● Data listing:
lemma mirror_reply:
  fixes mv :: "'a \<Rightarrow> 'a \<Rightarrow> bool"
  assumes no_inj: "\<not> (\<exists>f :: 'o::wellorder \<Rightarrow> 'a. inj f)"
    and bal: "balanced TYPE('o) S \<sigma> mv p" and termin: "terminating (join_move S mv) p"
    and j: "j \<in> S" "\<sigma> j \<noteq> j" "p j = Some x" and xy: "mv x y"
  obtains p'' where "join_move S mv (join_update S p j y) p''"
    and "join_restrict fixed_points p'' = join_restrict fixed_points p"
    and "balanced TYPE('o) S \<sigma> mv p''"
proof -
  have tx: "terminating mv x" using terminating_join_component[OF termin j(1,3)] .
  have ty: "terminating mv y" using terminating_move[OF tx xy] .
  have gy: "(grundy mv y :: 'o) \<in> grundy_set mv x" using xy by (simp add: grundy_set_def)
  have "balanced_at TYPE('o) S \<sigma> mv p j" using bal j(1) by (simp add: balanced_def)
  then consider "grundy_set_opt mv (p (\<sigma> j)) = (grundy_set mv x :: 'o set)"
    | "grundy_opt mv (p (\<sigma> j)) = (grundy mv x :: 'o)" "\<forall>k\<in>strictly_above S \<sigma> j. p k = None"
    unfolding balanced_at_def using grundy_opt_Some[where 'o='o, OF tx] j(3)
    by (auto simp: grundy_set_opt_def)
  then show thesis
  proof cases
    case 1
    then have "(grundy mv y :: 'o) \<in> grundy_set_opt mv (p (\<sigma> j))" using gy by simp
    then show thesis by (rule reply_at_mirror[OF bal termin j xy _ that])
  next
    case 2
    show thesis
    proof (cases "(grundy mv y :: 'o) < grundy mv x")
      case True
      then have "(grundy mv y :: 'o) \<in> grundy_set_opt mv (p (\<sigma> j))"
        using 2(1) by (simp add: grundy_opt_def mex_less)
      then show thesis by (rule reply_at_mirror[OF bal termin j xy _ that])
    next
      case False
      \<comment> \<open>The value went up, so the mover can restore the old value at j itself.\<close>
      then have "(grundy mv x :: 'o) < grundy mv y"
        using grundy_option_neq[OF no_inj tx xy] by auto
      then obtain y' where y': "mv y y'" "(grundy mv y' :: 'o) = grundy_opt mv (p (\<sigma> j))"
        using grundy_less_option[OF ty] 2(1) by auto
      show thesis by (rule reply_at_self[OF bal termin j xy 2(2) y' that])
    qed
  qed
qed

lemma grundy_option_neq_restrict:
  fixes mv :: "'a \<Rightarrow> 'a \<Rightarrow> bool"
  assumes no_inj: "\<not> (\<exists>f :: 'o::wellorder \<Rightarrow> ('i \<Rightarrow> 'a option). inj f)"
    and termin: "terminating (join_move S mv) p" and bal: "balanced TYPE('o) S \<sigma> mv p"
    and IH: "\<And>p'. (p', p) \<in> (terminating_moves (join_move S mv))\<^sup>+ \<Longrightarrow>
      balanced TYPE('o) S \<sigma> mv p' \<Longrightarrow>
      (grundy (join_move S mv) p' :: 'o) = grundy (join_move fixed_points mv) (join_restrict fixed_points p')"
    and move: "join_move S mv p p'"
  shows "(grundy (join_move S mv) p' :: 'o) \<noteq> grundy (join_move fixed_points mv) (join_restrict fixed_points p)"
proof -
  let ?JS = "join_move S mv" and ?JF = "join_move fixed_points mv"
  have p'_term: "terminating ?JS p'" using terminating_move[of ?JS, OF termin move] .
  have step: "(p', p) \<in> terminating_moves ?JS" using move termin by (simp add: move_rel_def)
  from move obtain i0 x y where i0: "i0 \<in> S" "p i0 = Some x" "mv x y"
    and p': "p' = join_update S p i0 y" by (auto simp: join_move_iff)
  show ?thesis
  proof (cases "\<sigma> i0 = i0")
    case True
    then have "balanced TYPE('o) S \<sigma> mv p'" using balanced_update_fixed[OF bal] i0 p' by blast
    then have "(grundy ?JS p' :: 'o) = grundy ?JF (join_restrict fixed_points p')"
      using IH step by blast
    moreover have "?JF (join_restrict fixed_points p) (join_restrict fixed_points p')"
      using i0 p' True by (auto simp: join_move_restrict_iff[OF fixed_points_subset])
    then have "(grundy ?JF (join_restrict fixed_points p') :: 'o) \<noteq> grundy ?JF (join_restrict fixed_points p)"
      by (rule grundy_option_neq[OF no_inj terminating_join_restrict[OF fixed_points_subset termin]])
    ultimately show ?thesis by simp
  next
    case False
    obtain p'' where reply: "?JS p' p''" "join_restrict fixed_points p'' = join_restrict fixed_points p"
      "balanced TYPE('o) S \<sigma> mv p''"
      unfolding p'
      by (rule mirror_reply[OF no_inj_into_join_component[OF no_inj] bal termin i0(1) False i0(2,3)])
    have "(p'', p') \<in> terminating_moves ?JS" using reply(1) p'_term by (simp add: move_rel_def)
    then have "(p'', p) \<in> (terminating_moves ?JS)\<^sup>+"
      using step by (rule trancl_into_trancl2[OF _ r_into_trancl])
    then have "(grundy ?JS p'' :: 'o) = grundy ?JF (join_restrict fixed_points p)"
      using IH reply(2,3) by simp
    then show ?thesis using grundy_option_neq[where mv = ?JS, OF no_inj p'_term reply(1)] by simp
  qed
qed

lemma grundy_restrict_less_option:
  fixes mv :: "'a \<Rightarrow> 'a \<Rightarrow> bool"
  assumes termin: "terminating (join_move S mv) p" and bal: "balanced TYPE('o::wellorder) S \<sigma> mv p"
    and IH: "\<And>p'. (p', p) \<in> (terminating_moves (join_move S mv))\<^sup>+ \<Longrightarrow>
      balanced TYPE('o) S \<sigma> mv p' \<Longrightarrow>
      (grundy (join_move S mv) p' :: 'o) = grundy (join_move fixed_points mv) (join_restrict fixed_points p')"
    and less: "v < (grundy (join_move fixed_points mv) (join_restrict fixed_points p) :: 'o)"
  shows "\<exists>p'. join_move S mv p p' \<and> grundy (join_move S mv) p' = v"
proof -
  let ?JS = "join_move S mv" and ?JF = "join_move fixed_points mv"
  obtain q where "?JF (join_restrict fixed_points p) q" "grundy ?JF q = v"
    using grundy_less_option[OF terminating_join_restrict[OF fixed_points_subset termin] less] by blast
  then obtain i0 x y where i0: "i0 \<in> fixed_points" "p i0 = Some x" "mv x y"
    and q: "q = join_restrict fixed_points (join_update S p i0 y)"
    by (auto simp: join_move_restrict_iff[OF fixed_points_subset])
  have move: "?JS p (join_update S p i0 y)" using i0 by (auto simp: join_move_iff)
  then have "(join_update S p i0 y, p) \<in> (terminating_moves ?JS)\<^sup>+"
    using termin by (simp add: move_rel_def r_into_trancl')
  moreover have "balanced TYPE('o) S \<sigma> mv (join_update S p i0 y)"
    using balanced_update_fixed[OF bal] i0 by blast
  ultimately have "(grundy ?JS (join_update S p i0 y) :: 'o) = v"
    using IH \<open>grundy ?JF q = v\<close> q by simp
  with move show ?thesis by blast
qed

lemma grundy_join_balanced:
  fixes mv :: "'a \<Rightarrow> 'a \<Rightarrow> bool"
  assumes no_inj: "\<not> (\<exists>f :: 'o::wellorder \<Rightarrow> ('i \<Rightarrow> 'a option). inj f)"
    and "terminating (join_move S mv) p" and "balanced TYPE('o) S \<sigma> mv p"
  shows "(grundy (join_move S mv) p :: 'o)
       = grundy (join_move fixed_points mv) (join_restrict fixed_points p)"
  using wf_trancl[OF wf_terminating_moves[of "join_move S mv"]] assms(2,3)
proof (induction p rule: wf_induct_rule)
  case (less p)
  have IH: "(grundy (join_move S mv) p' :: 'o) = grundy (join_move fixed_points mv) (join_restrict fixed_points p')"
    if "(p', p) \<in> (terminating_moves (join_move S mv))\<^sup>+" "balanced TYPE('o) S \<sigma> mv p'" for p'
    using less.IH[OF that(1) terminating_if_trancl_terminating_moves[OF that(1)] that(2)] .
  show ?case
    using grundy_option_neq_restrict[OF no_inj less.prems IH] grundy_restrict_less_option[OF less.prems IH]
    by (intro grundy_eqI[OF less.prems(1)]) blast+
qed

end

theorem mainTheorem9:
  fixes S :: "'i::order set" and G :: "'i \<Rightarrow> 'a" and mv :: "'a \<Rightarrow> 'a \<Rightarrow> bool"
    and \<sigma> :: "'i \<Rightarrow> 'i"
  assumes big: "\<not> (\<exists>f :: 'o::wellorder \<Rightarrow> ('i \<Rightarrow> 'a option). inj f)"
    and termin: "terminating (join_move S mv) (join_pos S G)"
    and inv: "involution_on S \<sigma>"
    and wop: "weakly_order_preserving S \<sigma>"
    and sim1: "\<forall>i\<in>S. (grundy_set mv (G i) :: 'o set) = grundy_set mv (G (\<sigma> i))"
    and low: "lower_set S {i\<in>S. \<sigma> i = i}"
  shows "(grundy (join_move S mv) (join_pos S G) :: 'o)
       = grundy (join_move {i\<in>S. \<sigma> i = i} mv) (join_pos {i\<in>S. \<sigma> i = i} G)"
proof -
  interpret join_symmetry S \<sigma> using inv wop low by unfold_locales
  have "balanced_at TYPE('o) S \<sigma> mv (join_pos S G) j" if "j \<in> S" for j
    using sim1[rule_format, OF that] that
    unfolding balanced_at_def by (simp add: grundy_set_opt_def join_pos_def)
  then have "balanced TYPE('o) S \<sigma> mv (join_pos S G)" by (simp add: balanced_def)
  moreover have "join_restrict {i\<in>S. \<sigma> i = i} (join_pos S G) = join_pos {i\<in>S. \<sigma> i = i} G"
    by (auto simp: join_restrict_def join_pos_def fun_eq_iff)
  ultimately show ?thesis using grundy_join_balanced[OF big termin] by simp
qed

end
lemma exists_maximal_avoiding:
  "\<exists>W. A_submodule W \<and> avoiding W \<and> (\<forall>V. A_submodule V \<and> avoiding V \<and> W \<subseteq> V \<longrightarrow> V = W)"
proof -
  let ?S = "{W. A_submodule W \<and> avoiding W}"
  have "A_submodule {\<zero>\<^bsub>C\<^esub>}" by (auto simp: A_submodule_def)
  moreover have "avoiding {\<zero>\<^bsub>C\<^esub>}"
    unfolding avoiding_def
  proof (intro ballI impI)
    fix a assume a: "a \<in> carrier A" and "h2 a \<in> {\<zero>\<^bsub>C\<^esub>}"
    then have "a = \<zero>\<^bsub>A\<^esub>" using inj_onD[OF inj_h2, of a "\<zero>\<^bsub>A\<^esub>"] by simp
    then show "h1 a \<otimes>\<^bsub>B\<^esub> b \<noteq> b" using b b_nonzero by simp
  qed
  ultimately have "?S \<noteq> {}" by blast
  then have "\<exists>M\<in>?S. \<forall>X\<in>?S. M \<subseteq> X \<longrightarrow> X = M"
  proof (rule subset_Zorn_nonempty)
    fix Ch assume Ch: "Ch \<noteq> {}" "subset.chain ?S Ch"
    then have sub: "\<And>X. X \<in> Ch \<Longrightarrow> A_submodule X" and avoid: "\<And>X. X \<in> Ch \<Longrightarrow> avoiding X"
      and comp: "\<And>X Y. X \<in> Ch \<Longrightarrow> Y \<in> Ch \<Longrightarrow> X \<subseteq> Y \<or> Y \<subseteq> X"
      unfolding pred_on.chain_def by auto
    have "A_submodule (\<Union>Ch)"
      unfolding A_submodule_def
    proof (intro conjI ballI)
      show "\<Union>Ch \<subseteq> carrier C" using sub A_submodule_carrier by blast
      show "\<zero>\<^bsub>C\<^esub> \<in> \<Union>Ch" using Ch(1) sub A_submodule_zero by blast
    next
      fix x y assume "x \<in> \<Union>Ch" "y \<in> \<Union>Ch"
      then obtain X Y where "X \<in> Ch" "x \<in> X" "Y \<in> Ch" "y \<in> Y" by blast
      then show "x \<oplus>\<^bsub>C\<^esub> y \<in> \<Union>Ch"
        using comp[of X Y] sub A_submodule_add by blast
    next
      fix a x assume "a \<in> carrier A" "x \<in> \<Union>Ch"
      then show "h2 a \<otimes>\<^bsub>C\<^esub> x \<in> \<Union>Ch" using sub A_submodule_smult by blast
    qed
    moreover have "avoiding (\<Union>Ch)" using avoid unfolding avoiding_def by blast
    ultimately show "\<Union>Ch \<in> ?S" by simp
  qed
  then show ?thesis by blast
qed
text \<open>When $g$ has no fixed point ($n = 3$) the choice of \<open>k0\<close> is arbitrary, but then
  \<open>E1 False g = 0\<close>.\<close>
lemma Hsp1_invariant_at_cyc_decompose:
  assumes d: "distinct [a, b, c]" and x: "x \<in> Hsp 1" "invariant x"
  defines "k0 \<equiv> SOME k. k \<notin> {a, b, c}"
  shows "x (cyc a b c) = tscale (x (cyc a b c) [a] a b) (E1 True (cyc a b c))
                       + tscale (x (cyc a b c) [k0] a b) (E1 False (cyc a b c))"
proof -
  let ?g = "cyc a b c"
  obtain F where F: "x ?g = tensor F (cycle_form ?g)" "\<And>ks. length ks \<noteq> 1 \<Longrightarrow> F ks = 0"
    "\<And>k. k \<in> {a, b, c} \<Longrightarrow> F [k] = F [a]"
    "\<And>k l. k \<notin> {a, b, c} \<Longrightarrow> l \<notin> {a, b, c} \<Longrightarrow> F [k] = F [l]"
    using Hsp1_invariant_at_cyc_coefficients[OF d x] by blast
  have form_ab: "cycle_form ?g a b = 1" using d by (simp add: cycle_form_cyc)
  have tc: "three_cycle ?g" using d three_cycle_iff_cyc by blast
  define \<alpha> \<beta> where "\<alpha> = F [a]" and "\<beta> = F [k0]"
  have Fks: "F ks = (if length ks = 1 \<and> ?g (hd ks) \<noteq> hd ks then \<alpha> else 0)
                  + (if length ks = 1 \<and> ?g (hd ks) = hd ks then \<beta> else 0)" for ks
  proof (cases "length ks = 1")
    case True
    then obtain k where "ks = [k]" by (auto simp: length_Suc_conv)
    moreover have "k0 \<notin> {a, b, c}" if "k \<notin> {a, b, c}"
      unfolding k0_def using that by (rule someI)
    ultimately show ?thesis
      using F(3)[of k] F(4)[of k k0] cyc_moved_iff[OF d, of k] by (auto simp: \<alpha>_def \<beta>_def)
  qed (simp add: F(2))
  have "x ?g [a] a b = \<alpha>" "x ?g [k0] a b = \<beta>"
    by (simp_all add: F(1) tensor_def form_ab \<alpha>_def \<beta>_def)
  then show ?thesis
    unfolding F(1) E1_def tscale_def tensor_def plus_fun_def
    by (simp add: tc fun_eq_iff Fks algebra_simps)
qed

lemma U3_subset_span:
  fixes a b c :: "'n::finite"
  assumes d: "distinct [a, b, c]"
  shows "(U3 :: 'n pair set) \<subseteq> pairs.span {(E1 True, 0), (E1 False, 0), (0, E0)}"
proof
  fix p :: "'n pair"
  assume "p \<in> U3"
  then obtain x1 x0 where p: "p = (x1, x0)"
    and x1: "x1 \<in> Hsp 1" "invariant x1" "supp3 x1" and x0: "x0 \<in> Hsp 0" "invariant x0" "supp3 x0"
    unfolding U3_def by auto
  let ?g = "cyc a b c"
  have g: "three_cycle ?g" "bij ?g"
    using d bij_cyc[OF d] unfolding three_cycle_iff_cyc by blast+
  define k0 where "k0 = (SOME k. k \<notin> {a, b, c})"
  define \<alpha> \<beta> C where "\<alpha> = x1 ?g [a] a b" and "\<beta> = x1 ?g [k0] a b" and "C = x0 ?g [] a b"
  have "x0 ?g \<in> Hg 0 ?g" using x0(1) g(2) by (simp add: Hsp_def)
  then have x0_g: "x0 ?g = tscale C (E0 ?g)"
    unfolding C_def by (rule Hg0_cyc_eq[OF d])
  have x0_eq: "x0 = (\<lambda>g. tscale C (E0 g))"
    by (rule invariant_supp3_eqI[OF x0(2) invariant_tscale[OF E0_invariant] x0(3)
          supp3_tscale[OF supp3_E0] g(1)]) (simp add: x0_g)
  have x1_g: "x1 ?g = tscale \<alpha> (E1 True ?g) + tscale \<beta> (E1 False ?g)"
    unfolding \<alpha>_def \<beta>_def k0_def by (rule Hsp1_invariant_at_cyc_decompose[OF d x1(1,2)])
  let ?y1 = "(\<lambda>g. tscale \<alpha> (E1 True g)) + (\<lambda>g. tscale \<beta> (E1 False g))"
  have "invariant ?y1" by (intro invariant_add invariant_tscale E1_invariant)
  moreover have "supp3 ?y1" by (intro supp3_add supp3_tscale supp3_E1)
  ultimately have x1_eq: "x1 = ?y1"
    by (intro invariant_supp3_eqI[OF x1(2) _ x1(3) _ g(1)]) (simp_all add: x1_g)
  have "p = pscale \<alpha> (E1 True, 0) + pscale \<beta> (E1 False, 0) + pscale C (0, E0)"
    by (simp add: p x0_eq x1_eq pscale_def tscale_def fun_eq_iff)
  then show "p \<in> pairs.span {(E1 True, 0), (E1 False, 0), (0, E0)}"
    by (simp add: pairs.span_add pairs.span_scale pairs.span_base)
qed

● Your goal: Your job is to copy out every line from the records above that has the word "beta".

● Response area:
  define \<alpha> \<beta> where "\<alpha> = F [a]" and "\<beta> = F [k0]"
                  + (if length ks = 1 \<and> ?g (hd ks) = hd ks then \<beta> else 0)" for ks
      using F(3)[of k] F(4)[of k k0] cyc_moved_iff[OF d, of k] by (auto simp: \<alpha>_def \<beta>_def)
  have "x ?g [a] a b = \<alpha>" "x ?g [k0] a b = \<beta>"
    by (simp_all add: F(1) tensor_def form_ab \<alpha>_def \<beta>_def)
  define \<alpha> \<beta> C where "\<alpha> = x1 ?g [a] a b" and "\<beta> = x1 ?g [k0] a b" and "C = x0 ?g [] a b"
  have x1_g: "x1 ?g = tscale \<alpha> (E1 True ?g) + tscale \<beta> (E1 False ?g)"
    unfolding \<alpha>_def \<beta>_def k0_def by (rule Hsp1_invariant_at_cyc_decompose[OF d x1(1,2)])
  let ?y1 = "(\<lambda>g. tscale \<alpha> (E1 True g)) + (\<lambda>g. tscale \<beta> (E1 False g))"
  have "p = pscale \<alpha> (E1 True, 0) + pscale \<beta> (E1 False, 0) + pscale C (0, E0)"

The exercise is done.